* THE DATA:

■ ■ ■ ■ ■ ■ ■

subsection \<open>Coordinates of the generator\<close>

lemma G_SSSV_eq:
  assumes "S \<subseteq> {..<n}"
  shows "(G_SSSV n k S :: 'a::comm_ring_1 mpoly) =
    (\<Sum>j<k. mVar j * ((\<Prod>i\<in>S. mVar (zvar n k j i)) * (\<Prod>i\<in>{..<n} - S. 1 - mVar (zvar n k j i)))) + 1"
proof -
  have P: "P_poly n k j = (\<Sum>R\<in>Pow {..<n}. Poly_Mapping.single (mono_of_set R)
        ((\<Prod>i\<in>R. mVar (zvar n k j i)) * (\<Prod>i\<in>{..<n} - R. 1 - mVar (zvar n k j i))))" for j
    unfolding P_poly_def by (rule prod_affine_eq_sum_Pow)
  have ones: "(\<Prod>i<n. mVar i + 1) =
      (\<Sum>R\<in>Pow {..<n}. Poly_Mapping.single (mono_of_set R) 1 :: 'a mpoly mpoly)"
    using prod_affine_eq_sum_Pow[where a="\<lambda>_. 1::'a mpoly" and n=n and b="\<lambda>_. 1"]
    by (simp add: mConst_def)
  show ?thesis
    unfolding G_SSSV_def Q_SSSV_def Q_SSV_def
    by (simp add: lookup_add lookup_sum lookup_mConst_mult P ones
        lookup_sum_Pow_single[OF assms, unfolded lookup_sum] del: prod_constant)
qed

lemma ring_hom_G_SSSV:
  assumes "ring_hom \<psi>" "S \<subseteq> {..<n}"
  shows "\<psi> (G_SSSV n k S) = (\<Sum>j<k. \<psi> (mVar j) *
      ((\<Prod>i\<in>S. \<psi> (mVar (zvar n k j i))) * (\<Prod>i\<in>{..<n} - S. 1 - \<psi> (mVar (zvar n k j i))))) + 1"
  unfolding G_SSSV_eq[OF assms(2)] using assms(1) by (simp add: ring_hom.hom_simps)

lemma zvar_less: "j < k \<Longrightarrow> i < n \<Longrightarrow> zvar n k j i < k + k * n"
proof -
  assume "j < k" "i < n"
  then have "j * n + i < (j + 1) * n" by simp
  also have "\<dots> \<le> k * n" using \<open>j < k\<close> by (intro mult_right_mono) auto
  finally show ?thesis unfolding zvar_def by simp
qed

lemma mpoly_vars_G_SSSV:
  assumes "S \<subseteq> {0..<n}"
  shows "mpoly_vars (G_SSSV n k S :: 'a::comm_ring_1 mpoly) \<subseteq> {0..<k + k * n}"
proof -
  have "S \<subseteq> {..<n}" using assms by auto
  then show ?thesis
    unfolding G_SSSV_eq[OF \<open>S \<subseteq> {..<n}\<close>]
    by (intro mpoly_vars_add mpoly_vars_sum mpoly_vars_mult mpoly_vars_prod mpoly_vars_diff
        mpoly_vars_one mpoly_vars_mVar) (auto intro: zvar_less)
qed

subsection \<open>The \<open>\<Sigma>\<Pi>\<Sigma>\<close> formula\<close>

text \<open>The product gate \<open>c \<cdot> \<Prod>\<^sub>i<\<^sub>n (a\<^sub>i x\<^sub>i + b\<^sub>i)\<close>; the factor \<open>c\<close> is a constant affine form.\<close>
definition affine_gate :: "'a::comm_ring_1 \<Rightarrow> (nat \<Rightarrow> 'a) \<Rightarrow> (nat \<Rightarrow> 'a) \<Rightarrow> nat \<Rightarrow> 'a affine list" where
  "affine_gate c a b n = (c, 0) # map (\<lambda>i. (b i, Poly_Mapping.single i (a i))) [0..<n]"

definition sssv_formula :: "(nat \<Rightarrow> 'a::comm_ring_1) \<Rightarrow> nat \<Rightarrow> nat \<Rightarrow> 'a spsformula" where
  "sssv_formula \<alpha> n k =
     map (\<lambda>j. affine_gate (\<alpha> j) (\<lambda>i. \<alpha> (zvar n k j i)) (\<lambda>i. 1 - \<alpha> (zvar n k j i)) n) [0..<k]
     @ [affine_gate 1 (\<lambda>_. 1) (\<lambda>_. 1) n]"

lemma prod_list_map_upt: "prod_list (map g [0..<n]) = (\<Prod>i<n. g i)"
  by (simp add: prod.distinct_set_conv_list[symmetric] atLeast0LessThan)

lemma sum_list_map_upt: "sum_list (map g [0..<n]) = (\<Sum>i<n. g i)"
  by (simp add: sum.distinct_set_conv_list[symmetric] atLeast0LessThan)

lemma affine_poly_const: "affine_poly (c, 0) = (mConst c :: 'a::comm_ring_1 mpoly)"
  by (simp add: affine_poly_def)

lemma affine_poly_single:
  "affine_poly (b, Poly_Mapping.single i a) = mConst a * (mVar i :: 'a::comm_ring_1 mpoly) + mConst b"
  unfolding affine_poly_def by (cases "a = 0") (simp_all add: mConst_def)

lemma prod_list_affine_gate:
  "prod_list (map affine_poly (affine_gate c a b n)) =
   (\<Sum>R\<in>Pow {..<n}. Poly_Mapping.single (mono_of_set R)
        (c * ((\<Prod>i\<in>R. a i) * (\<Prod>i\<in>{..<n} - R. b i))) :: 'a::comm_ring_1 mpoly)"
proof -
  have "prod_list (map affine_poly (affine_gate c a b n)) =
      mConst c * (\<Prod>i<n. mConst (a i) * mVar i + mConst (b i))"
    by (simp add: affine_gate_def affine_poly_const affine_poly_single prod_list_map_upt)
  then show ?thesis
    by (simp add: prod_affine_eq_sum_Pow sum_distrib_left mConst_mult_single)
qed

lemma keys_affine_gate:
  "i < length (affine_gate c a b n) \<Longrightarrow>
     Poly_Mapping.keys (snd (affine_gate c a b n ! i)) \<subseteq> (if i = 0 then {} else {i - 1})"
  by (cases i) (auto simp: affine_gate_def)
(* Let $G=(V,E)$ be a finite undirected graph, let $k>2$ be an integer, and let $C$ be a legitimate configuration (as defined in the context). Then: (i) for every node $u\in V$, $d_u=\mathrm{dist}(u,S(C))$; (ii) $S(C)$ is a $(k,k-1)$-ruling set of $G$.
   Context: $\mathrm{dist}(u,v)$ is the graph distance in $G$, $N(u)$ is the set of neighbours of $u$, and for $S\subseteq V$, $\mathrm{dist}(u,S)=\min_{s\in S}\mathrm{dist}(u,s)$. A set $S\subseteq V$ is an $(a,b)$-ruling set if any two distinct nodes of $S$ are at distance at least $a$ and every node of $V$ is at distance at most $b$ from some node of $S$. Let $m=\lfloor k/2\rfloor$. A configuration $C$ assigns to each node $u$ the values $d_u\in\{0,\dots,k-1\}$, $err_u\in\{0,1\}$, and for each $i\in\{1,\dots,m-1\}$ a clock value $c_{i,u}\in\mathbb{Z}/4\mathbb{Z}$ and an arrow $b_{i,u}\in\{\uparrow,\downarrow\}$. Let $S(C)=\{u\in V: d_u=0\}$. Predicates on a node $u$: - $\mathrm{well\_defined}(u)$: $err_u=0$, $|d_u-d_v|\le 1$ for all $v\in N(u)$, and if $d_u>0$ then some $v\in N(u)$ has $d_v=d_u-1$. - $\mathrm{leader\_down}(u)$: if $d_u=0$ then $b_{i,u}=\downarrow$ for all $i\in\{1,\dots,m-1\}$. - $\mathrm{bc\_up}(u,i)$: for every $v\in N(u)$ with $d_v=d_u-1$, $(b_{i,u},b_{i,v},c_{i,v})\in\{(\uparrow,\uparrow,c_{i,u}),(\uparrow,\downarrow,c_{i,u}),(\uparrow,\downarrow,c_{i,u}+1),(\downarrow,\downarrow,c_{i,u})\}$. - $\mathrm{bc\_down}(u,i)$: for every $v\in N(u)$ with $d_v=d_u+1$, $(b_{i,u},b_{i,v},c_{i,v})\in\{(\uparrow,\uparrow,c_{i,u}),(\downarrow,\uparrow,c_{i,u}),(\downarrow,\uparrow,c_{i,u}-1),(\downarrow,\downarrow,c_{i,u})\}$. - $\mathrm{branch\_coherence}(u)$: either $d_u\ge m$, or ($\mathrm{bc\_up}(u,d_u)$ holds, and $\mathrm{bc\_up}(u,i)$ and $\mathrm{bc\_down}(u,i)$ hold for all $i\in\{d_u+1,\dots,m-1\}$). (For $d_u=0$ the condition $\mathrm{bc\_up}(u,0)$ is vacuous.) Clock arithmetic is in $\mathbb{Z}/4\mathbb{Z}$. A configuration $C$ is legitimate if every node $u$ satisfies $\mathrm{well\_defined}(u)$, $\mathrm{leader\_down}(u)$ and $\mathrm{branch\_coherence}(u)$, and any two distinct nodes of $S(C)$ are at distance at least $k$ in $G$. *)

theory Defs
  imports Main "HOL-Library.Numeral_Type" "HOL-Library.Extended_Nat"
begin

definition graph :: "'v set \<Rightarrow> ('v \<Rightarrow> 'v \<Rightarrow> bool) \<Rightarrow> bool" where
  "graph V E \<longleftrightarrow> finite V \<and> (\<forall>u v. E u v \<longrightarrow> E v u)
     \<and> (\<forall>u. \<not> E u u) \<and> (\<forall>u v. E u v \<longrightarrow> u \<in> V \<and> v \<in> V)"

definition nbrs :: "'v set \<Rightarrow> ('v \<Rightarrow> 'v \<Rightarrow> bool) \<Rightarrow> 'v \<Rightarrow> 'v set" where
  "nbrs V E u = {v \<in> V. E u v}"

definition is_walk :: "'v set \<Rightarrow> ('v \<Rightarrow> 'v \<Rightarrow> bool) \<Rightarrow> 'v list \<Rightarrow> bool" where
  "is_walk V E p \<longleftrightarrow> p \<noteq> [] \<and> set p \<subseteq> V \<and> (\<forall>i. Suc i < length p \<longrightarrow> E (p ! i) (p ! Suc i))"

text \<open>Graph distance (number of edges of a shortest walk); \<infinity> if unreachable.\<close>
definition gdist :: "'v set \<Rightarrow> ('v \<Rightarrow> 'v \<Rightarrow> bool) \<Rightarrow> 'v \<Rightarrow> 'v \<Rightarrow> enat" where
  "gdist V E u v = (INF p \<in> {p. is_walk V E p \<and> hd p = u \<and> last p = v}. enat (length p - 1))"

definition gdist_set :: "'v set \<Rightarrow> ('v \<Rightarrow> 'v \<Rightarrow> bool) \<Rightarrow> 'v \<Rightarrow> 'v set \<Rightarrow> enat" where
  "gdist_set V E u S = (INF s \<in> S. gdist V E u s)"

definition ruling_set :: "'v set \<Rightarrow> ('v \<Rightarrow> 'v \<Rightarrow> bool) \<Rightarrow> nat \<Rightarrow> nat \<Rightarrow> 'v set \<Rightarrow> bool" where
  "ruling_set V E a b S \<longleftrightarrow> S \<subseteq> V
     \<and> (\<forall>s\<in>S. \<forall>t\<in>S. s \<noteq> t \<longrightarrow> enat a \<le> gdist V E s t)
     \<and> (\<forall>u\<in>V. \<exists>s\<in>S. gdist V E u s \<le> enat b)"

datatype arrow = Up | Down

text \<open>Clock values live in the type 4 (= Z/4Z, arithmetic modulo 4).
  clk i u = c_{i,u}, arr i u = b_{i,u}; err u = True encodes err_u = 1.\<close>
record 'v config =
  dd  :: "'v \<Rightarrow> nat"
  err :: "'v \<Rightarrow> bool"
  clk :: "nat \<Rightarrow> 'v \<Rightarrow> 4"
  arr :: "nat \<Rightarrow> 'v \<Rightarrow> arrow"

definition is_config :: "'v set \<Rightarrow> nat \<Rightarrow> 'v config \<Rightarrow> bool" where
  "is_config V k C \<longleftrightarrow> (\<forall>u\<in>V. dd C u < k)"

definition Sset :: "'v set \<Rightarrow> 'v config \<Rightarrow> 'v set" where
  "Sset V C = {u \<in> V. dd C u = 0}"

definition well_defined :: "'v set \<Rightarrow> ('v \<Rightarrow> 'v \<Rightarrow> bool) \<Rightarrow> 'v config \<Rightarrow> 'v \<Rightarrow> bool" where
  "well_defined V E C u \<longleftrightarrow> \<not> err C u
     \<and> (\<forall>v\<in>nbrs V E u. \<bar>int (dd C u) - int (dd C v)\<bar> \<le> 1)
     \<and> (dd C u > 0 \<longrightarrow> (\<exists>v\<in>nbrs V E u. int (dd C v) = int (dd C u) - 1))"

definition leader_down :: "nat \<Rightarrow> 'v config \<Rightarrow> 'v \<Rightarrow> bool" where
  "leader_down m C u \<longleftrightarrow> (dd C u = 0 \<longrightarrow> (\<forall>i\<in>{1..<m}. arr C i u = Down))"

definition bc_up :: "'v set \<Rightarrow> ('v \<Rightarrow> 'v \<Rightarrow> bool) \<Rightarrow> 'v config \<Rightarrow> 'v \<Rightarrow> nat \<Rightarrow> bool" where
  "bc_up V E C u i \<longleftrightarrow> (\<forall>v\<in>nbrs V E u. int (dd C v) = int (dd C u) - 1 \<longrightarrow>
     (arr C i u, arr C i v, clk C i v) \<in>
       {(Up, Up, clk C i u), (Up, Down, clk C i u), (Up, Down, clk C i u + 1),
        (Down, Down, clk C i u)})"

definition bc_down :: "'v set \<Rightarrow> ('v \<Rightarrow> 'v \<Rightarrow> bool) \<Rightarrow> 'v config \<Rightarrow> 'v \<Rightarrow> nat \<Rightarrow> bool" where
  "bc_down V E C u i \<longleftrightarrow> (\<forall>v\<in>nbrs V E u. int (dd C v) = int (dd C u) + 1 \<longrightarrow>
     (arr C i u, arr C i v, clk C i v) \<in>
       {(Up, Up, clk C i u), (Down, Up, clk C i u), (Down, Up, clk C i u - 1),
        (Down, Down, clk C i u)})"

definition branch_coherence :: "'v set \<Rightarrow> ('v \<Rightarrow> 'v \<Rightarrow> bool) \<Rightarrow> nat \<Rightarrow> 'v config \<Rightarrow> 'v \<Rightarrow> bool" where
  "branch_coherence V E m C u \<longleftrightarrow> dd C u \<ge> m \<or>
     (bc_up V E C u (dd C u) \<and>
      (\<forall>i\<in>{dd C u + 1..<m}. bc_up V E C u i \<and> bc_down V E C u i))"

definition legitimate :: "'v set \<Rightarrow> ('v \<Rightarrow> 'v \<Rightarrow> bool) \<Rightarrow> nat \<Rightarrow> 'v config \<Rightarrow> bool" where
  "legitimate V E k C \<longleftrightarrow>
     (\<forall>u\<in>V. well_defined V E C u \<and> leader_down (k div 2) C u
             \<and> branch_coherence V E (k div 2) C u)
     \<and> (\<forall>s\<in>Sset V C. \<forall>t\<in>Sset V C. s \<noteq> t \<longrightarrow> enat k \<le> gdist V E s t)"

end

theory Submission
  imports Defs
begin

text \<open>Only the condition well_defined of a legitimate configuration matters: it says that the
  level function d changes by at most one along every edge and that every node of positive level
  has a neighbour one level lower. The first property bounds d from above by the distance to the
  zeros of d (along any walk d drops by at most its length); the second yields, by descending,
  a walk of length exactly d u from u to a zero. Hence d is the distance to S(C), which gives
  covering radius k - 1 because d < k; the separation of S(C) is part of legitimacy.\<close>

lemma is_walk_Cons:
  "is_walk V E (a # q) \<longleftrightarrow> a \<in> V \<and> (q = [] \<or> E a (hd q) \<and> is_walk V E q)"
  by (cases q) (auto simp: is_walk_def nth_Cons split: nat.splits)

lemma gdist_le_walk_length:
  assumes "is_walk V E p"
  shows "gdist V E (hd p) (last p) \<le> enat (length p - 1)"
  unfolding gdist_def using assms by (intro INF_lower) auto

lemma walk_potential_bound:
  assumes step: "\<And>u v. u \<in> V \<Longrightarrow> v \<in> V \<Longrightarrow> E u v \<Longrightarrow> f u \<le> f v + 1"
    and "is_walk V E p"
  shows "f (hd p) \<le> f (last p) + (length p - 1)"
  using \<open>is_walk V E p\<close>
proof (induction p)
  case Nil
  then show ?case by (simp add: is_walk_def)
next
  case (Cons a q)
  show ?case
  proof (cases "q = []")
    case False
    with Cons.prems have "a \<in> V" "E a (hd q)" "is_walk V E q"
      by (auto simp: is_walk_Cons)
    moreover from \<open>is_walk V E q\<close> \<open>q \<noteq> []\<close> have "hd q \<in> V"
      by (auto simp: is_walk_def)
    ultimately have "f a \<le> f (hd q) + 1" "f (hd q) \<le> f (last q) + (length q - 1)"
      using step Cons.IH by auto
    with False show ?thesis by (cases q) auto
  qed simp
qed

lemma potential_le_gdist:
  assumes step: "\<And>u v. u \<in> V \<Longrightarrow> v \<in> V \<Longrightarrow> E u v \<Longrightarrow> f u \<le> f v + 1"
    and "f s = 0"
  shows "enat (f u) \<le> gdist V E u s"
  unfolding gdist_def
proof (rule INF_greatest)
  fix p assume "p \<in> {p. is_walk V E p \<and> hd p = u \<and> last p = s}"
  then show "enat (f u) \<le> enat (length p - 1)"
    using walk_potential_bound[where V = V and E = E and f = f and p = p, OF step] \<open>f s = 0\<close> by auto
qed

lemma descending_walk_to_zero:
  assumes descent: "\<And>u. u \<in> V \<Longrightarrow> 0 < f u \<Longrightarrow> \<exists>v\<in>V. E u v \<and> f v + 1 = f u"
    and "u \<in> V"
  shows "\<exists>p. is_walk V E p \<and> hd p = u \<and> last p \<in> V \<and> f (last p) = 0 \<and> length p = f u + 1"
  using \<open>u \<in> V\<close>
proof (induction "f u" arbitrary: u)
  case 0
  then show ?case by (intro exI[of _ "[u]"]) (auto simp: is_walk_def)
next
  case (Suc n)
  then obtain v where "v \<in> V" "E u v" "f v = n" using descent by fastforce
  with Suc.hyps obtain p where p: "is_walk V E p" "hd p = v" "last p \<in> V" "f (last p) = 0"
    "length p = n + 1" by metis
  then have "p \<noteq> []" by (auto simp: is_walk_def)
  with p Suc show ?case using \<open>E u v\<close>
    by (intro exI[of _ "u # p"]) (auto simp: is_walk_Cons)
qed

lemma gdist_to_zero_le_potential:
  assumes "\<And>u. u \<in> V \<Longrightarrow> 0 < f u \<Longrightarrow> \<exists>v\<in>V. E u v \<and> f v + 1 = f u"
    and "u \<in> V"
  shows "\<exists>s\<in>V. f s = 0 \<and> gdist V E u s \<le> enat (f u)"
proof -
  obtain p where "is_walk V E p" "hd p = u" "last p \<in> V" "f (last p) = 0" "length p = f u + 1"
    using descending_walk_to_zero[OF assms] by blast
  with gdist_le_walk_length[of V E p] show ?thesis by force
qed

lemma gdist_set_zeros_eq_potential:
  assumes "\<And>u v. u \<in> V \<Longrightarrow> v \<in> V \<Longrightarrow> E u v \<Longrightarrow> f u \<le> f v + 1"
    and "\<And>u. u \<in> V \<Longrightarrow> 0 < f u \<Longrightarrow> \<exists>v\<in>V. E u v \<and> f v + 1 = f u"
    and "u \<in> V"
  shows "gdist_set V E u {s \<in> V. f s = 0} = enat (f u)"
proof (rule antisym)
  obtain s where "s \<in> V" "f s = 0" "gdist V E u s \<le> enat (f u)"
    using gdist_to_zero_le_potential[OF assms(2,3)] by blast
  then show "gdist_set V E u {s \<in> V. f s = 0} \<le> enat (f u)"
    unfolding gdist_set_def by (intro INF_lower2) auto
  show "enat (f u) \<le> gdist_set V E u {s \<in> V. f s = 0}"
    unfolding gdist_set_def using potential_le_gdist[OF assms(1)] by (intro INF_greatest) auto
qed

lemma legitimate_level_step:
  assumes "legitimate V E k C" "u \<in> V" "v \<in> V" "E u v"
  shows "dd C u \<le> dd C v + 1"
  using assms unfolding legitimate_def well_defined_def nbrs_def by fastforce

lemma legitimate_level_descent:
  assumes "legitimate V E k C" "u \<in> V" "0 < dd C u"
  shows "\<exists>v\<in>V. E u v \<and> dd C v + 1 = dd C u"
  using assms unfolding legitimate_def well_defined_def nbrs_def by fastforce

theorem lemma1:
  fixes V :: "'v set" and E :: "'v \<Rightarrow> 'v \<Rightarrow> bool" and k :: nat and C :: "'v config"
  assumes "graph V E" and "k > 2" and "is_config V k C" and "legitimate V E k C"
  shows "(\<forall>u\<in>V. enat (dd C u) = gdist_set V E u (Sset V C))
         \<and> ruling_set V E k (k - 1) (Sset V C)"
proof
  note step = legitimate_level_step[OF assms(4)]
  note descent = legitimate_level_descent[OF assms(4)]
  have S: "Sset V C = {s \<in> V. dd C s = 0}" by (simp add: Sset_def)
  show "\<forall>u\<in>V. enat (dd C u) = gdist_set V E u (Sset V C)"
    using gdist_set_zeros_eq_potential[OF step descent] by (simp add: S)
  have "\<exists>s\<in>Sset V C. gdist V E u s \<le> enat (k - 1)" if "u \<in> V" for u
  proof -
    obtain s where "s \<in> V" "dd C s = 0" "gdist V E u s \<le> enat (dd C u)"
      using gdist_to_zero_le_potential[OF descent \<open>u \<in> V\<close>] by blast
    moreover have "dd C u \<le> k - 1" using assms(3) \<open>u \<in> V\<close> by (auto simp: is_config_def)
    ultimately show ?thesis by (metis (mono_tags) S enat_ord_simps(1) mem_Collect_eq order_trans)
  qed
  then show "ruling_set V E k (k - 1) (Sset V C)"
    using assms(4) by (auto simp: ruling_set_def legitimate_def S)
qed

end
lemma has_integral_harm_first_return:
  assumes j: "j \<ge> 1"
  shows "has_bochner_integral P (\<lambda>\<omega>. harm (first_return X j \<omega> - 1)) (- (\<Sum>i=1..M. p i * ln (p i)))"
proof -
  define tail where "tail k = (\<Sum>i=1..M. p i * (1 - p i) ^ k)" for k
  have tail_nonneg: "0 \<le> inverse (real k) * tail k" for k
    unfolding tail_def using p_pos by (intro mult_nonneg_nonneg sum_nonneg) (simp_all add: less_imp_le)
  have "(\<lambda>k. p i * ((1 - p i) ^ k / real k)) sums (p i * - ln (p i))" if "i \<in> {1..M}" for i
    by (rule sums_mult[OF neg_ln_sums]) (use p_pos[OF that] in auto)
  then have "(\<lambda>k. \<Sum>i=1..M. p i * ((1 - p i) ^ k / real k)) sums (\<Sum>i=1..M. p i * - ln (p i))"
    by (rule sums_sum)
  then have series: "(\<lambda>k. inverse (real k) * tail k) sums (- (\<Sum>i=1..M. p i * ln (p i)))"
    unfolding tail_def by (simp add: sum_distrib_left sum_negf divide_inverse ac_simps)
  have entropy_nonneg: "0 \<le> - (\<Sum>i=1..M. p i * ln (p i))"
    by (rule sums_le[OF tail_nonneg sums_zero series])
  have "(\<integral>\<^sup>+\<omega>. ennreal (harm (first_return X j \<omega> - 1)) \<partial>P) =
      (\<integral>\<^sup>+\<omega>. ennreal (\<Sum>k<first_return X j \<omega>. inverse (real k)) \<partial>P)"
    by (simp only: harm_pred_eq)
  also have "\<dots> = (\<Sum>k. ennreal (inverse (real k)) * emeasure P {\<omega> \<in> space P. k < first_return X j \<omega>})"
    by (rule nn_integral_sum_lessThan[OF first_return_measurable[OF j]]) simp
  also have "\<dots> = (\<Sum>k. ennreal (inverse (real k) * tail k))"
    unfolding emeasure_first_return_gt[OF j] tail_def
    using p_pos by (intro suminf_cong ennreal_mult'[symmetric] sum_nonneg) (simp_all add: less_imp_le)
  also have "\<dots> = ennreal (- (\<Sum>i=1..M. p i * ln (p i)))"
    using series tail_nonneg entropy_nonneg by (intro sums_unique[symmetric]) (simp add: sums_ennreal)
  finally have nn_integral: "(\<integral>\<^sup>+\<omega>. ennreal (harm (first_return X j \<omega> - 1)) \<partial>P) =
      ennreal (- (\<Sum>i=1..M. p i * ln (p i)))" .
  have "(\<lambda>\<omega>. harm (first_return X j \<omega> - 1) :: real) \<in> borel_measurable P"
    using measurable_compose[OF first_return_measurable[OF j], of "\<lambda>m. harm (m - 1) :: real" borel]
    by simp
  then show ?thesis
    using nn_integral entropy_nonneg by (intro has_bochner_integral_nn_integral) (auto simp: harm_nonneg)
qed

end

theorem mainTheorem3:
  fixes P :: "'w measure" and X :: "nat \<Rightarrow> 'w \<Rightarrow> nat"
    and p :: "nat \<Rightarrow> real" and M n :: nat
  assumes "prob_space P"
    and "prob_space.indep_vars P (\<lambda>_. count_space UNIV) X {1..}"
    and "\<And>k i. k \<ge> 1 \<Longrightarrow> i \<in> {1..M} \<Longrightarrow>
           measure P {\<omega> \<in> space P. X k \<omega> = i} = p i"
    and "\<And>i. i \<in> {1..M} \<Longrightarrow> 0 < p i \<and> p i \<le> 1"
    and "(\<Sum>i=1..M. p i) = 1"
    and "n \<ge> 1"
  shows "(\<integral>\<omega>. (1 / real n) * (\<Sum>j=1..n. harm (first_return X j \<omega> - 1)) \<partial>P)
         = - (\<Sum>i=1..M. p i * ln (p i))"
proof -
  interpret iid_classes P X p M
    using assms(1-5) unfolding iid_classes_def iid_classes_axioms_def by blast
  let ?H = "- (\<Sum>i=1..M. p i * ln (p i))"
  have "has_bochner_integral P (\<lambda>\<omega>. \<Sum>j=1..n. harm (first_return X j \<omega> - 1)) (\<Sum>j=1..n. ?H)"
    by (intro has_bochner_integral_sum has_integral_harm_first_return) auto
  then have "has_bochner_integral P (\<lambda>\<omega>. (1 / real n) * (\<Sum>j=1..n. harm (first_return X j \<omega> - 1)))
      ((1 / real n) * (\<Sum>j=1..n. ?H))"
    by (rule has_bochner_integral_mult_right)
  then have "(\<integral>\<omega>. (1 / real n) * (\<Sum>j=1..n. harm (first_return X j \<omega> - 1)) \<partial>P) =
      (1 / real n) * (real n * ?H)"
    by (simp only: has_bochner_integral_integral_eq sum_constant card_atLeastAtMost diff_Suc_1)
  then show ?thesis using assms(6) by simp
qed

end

■ ■ ■ ■ ■ ■ ■

* TASK DETAILS: Give only a number, namely how many lines in the entries above hold the word "metis".

* ANSWER: 2